View Partridge's profile

Partridge

296 posts in 3418 days


#7 posted 12-30-2009 08:48 PM

thankyou or the ideas.

-- I get out in the shop when I can

View Todd A. Clippinger's profile

Todd A. Clippinger

8901 posts in 3562 days


#8 posted 12-30-2009 09:51 PM

I had to chuckle as I read your signature line:)

Anyway, the epoxy and sawdust fix is a common one that I use.

PurpLev brings up a valid point. The epoxy and sawdust mix does not have grain but it does a pretty good job overall and with the size of gap may exceed the limits of what may be offered to hid the error with this solution.

You could certainly try PurpLev’s solution of inserting slivers of like wood into the gaps.

You might try both fixes to see how they work out and that way you will have a good first-hand experience with both of these methods.

Black colored epoxy would not be a good idea.

Good Luck!

-- Todd A. Clippinger, Montana, http://americancraftsmanworkshop.com

View Partridge's profile

Partridge

296 posts in 3418 days


#9 posted 12-31-2009 03:01 AM

Todd,
This allso made me chuckle went i realized what i wrote. I am going to change this.

as for the fix i decided to go with slivers. I am going to fume this project. my thinking is sense the fix is wood that it will act like wood good or bad.

but i am going to try saw dust and epoxy. when the need arises.

Here is the fix.

1

2

3

I will post finshed door to see if my theory is right.

-- I get out in the shop when I can

View patron's profile

patron

13535 posts in 2803 days


#10 posted 12-31-2009 03:05 AM

much gooder !
i also do both sometimes .

-- david - only thru kindness can this world be whole . If we don't succeed we run the risk of failure. Dan Quayle

View Rog's profile

Rog

59 posts in 3220 days


#11 posted 12-31-2009 03:42 AM

Ok little brother that is much better. 99% better kinda like. Do it right the first time. Becuase fixing it is a wast of time. I’m surprised that no one ever caught that. LOL you always put a smile on my face…....

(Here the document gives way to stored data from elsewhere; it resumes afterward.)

(* Let $\mathcal{D}\in\mathbb{C}^{\mathbf{N}(s)\times\mathbf{N}(s)}$ with $\mathrm{ind}(\mathcal{D})=k$, and let $\mathcal{B}\in\mathscr{R}(\mathcal{D}^k)$. Then $\mathcal{D}^{c,\dagger}*_s\mathcal{B}$ is the unique solution $\mathcal{Z}$ of the multilinear system $\mathcal{D}*_s\mathcal{Z}=\mathcal{B}$ lying in $\mathscr{R}(\mathcal{D}^\dagger*_s\mathcal{D}^k)$.
   Context: For positive integers $N_1,\dots,N_s$ write $\mathbf{N}(s)=N_1\times\cdots\times N_s$. For $\mathcal{A}\in\mathbb{C}^{\mathbf{I}(m)\times\mathbf{K}(p)}$ and $\mathcal{B}\in\mathbb{C}^{\mathbf{K}(p)\times\mathbf{J}(n)}$ the Einstein product is the tensor $\mathcal{A}*_p\mathcal{B}\in\mathbb{C}^{\mathbf{I}(m)\times\mathbf{J}(n)}$ with entries $(\mathcal{A}*_p\mathcal{B})_{i_1\dots i_m j_1\dots j_n}=\sum_{k_1,\dots,k_p}\mathcal{A}_{i_1\dots i_m k_1\dots k_p}\mathcal{B}_{k_1\dots k_p j_1\dots j_n}$; the case $n=0$ (so $\mathcal{B}\in\mathbb{C}^{\mathbf{K}(p)}$) is allowed. For $\mathcal{D}\in\mathbb{C}^{\mathbf{N}(s)\times\mathbf{N}(s)}$, powers are $\mathcal{D}^0=\mathcal{I}$, $\mathcal{D}^{j+1}=\mathcal{D}*_s\mathcal{D}^j$, where $\mathcal{I}$ is the identity tensor with entries $\mathcal{I}_{i_1\dots i_s j_1\dots j_s}=\prod_{t=1}^s\delta_{i_tj_t}$. The conjugate transpose $\mathcal{A}^*$ of $\mathcal{A}\in\mathbb{C}^{\mathbf{M}(m)\times\mathbf{N}(n)}$ has entries $(\mathcal{A}^* )_{j_1\dots j_n i_1\dots i_m}=\overline{\mathcal{A}_{i_1\dots i_m j_1\dots j_n}}$. For $\mathcal{A}\in\mathbb{C}^{\mathbf{M}(m)\times\mathbf{N}(n)}$, $\mathscr{R}(\mathcal{A})=\{\mathcal{A}*_n\mathcal{E}:\mathcal{E}\in\mathbb{C}^{\mathbf{N}(n)}\}$ and $\mathscr{N}(\mathcal{A})=\{\mathcal{F}\in\mathbb{C}^{\mathbf{N}(n)}:\mathcal{A}*_n\mathcal{F}=\mathcal{O}\}$. The index $\mathrm{ind}(\mathcal{D})$ of $\mathcal{D}\in\mathbb{C}^{\mathbf{N}(s)\times\mathbf{N}(s)}$ is the smallest nonnegative integer $k$ with $\dim\mathscr{R}(\mathcal{D}^k)=\dim\mathscr{R}(\mathcal{D}^{k+1})$. The Moore–Penrose inverse $\mathcal{D}^\dagger$ of $\mathcal{D}\in\mathbb{C}^{\mathbf{N}(s)\times\mathbf{N}(s)}$ is the unique $\mathcal{Y}$ with $\mathcal{D}*_s\mathcal{Y}*_s\mathcal{D}=\mathcal{D}$, $\mathcal{Y}*_s\mathcal{D}*_s\mathcal{Y}=\mathcal{Y}$, $(\mathcal{D}*_s\mathcal{Y})^*=\mathcal{D}*_s\mathcal{Y}$, $(\mathcal{Y}*_s\mathcal{D})^*=\mathcal{Y}*_s\mathcal{D}$. With $k=\mathrm{ind}(\mathcal{D})$, the Drazin inverse $\mathcal{D}^{\mathrm D}$ is the unique $\mathcal{Y}$ with $\mathcal{Y}*_s\mathcal{D}^{k+1}=\mathcal{D}^k$, $\mathcal{Y}*_s\mathcal{D}*_s\mathcal{Y}=\mathcal{Y}$, $\mathcal{D}*_s\mathcal{Y}=\mathcal{Y}*_s\mathcal{D}$. The CMP inverse is $\mathcal{D}^{c,\dagger}=\mathcal{D}^\dagger*_s\mathcal{D}*_s\mathcal{D}^{\mathrm D}*_s\mathcal{D}*_s\mathcal{D}^\dagger$. *)

theory Defs
  imports Complex_Main "HOL-Library.Function_Algebras"
begin

text \<open>A tensor in C^{N(s)} is a function nat list => complex vanishing outside the
 multi-index set; a tensor in C^{N(s) x N(s)} is a function of two multi-indices
 vanishing unless both are valid.\<close>

definition idx :: "nat list \<Rightarrow> nat list set" where
  "idx N = {is. length is = length N \<and> (\<forall>t<length N. is ! t < N ! t)}"

definition tensor1 :: "nat list \<Rightarrow> (nat list \<Rightarrow> complex) \<Rightarrow> bool" where
  "tensor1 N B \<longleftrightarrow> (\<forall>i. i \<notin> idx N \<longrightarrow> B i = 0)"

definition tensor2 :: "nat list \<Rightarrow> (nat list \<Rightarrow> nat list \<Rightarrow> complex) \<Rightarrow> bool" where
  "tensor2 N A \<longleftrightarrow> (\<forall>i j. i \<notin> idx N \<or> j \<notin> idx N \<longrightarrow> A i j = 0)"

definition ein :: "nat list \<Rightarrow> (nat list \<Rightarrow> nat list \<Rightarrow> complex) \<Rightarrow>
    (nat list \<Rightarrow> nat list \<Rightarrow> complex) \<Rightarrow> (nat list \<Rightarrow> nat list \<Rightarrow> complex)" where
  "ein N A B = (\<lambda>i j. if i \<in> idx N \<and> j \<in> idx N
      then \<Sum>k\<in>idx N. A i k * B k j else 0)"

definition einv :: "nat list \<Rightarrow> (nat list \<Rightarrow> nat list \<Rightarrow> complex) \<Rightarrow>
    (nat list \<Rightarrow> complex) \<Rightarrow> (nat list \<Rightarrow> complex)" where
  "einv N A E = (\<lambda>i. if i \<in> idx N then \<Sum>k\<in>idx N. A i k * E k else 0)"

definition tid :: "nat list \<Rightarrow> (nat list \<Rightarrow> nat list \<Rightarrow> complex)" where
  "tid N = (\<lambda>i j. if i \<in> idx N \<and> j \<in> idx N \<and> i = j then 1 else 0)"

fun tpow :: "nat list \<Rightarrow> (nat list \<Rightarrow> nat list \<Rightarrow> complex) \<Rightarrow> nat \<Rightarrow>
    (nat list \<Rightarrow> nat list \<Rightarrow> complex)" where
  "tpow N D 0 = tid N"
| "tpow N D (Suc j) = ein N D (tpow N D j)"

definition ctrans :: "(nat list \<Rightarrow> nat list \<Rightarrow> complex) \<Rightarrow> (nat list \<Rightarrow> nat list \<Rightarrow> complex)" where
  "ctrans A = (\<lambda>j i. cnj (A i j))"

definition trange :: "nat list \<Rightarrow> (nat list \<Rightarrow> nat list \<Rightarrow> complex) \<Rightarrow> (nat list \<Rightarrow> complex) set" where
  "trange N A = {einv N A E | E. tensor1 N E}"

definition cdim :: "(nat list \<Rightarrow> complex) set \<Rightarrow> nat" where
  "cdim S = vector_space.dim (\<lambda>(c::complex) f x. c * f x) S"

definition tind :: "nat list \<Rightarrow> (nat list \<Rightarrow> nat list \<Rightarrow> complex) \<Rightarrow> nat" where
  "tind N D = (LEAST k. cdim (trange N (tpow N D k)) = cdim (trange N (tpow N D (Suc k))))"

definition mpinv :: "nat list \<Rightarrow> (nat list \<Rightarrow> nat list \<Rightarrow> complex) \<Rightarrow> (nat list \<Rightarrow> nat list \<Rightarrow> complex)" where
  "mpinv N D = (THE Y. tensor2 N Y \<and> ein N (ein N D Y) D = D \<and> ein N (ein N Y D) Y = Y
      \<and> ctrans (ein N D Y) = ein N D Y \<and> ctrans (ein N Y D) = ein N Y D)"

definition drazin :: "nat list \<Rightarrow> (nat list \<Rightarrow> nat list \<Rightarrow> complex) \<Rightarrow> (nat list \<Rightarrow> nat list \<Rightarrow> complex)" where
  "drazin N D = (let k = tind N D in THE Y. tensor2 N Y \<and> ein N Y (tpow N D (Suc k)) = tpow N D k
      \<and> ein N (ein N Y D) Y = Y \<and> ein N D Y = ein N Y D)"

definition cmp :: "nat list \<Rightarrow> (nat list \<Rightarrow> nat list \<Rightarrow> complex) \<Rightarrow> (nat list \<Rightarrow> nat list \<Rightarrow> complex)" where
  "cmp N D = ein N (mpinv N D) (ein N D (ein N (drazin N D) (ein N D (mpinv N D))))"

end

theory Submission
  imports Defs
begin

text \<open>Write D' and D^D for the Moore--Penrose and Drazin inverses of D and k for its index.
  From D D' D = D, D^D D^(k+1) = D^k and D D^D = D^D D one gets D D' D^k = D^k and
  D^(c,') D^k = D' D^k. So for B = D^k E the tensor D^(c,') B = D' D^k E solves D Z = B inside
  R(D' D^k), and any solution Z = D' D^k G there has D^k G = D Z = B, hence Z = D' B.

  The real work is that D' and D^D, which are defined by definite description, exist. Both come
  from the linear dependence of the powers of D in the finite-dimensional tensor space: it gives
  D^m = D^(m+1) X with X commuting with D, from which D^D = D^m X^(m+1) (it satisfies the Drazin
  equation at the index k because R(D^k) = R(D^(k+1))), and, applied to the Hermitian D* D, whose powers cannot lose rank,
  a Hermitian group inverse G of D* D with D' = G D*.\<close>

lemma sum_fun_apply: "sum F S x = (\<Sum>s\<in>S. F s x)"
  by (induction S rule: infinite_finite_induct) auto

lemma finite_idx: "finite (idx N)"
proof -
  define b where "b = Max (insert 0 (set N))"
  have "x < b" if xs: "xs \<in> idx N" and "x \<in> set xs" for xs x
  proof -
    have "length xs = length N" using xs by (simp add: idx_def)
    then obtain t where t: "t < length N" "xs ! t = x"
      using \<open>x \<in> set xs\<close> by (metis in_set_conv_nth)
    then have "x < N ! t" using xs by (auto simp: idx_def)
    also have "N ! t \<le> b" unfolding b_def using t by (intro Max_ge) auto
    finally show ?thesis .
  qed
  then have "idx N \<subseteq> {xs. set xs \<subseteq> {..<b} \<and> length xs = length N}"
    by (auto simp: idx_def)
  then show ?thesis by (rule finite_subset) (rule finite_lists_length_eq, simp)
qed

lemma (in vector_space) subspace_eq_of_dim_eq:
  assumes "S \<subseteq> T" and "subspace S" and "T \<subseteq> span W" and "finite W" and "dim S = dim T"
  shows "T \<subseteq> S"
proof
  fix t assume "t \<in> T"
  obtain B where B: "B \<subseteq> S" "independent B" "S \<subseteq> span B" "card B = dim S"
    using basis_exists by blast
  obtain C where C: "C \<subseteq> T" "independent C" "T \<subseteq> span C" "card C = dim T"
    using basis_exists by blast
  have "finite B" using independent_span_bound[OF assms(4) B(2)] B(1) assms(1,3) by blast
  have "finite C" using independent_span_bound[OF assms(4) C(2)] C(1) assms(3) by blast
  show "t \<in> S"
  proof (rule ccontr)
    assume "t \<notin> S"
    then have "t \<notin> span B" using span_minimal[OF B(1) assms(2)] by blast
    then have "independent (insert t B)" using independent_insertI B(2) by blast
    moreover have "insert t B \<subseteq> span C" using \<open>t \<in> T\<close> B(1) assms(1) C(3) by blast
    ultimately have "card (insert t B) \<le> card C" using independent_span_bound[OF \<open>finite C\<close>] by blast
    moreover have "card (insert t B) = Suc (card B)"
      using \<open>t \<notin> S\<close> B(1) \<open>finite B\<close> by (subst card_insert_disjoint) auto
    ultimately show False using B(4) C(4) assms(5) by simp
  qed
qed

definition tscale1 :: "complex \<Rightarrow> (nat list \<Rightarrow> complex) \<Rightarrow> (nat list \<Rightarrow> complex)"
  where "tscale1 c f = (\<lambda>i. c * f i)"

definition tscale2 :: "complex \<Rightarrow> (nat list \<Rightarrow> nat list \<Rightarrow> complex) \<Rightarrow> (nat list \<Rightarrow> nat list \<Rightarrow> complex)"
  where "tscale2 c A = (\<lambda>i j. c * A i j)"

interpretation tvec: vector_space tscale1
  by unfold_locales (auto simp: tscale1_def algebra_simps fun_eq_iff)

interpretation tmat: vector_space tscale2
  by unfold_locales (auto simp: tscale2_def algebra_simps fun_eq_iff)

lemma cdim_eq_dim: "cdim S = tvec.dim S"
  by (simp add: cdim_def tscale1_def[abs_def])

context
  fixes N :: "nat list"
begin

abbreviation ein_N (infixr "\<cdot>" 70) where "A \<cdot> B \<equiv> ein N A B"

lemma tensor2_ein [simp]: "tensor2 N (A \<cdot> B)"
  by (simp add: tensor2_def ein_def)

lemma tensor1_einv [simp]: "tensor1 N (einv N A v)"
  by (simp add: tensor1_def einv_def)

lemma tensor2_tid [simp]: "tensor2 N (tid N)"
  by (simp add: tensor2_def tid_def)

lemma tensor2_tpow [simp]: "tensor2 N (tpow N A j)"
  by (cases j) auto

lemma tensor2_diff [simp]: "tensor2 N A \<Longrightarrow> tensor2 N B \<Longrightarrow> tensor2 N (A - B)"
  by (simp add: tensor2_def)

lemma tensor2_tscale2 [simp]: "tensor2 N A \<Longrightarrow> tensor2 N (tscale2 c A)"
  by (simp add: tensor2_def tscale2_def)

lemma tensor2_sum: "(\<And>s. s \<in> S \<Longrightarrow> tensor2 N (F s)) \<Longrightarrow> tensor2 N (sum F S)"
  by (simp add: tensor2_def sum_fun_apply)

-- I get out to the shop when Ryan lets me. Arggggggggggg

View nmkidd's profile

nmkidd

758 posts in 2635 days


#12 posted 12-31-2009 06:16 PM

I’ve tried numerous off-the-shelf so called wood fillers …...resulting in a crappy looking fill

My choice is the saw dust and glue method

-- Doug, New Mexico.......the only stupid question is one that is never asked!........don't fix it, if it ain't broke!

View Partridge's profile

Partridge

296 posts in 3418 days


#13 posted 12-31-2009 07:59 PM

ok the magority of you go with saw dust in glue, OK. Her is what I want to know is this a fix that will sain, or change with wood coloring… glue left on wood when finish (ie stained, oiled, clear coat, et.) will show up yellow. this fix to me would be better suited for painted work or gap filling were thing are not going to be seen.

Epoxy and saw dust seems like a good filler if you tinted it to the ending finish color.

It is good to have choices and there is not one fix that will work in all situations.

-- I get out in the shop when I can

View Todd A. Clippinger's profile

Todd A. Clippinger

8901 posts in 3562 days


#14 posted 01-06-2010 11:08 PM

I just came back to see the results. I should have stopped back sooner.

One thing to keep in mind is that with both the glue or epoxy and sawdust (I also use super glue and sawdust) the glue line will typically be darker than the surrounding area. Once any stain is added it tends to blend fairly well.

Looking at your repair I think that the corrective action would be a combination of slivers followed by glue and sawdust combo.

I am sure that you just learned more by experience than any book or anybody could tell you about.

-- Todd A. Clippinger, Montana, http://americancraftsmanworkshop.com

View bsherman's profile

bsherman

76 posts in 2990 days


#15 posted 01-12-2010 12:53 AM

Well cool. I’m glad I’m not the only one who has done the “slivers” thing. It looks great.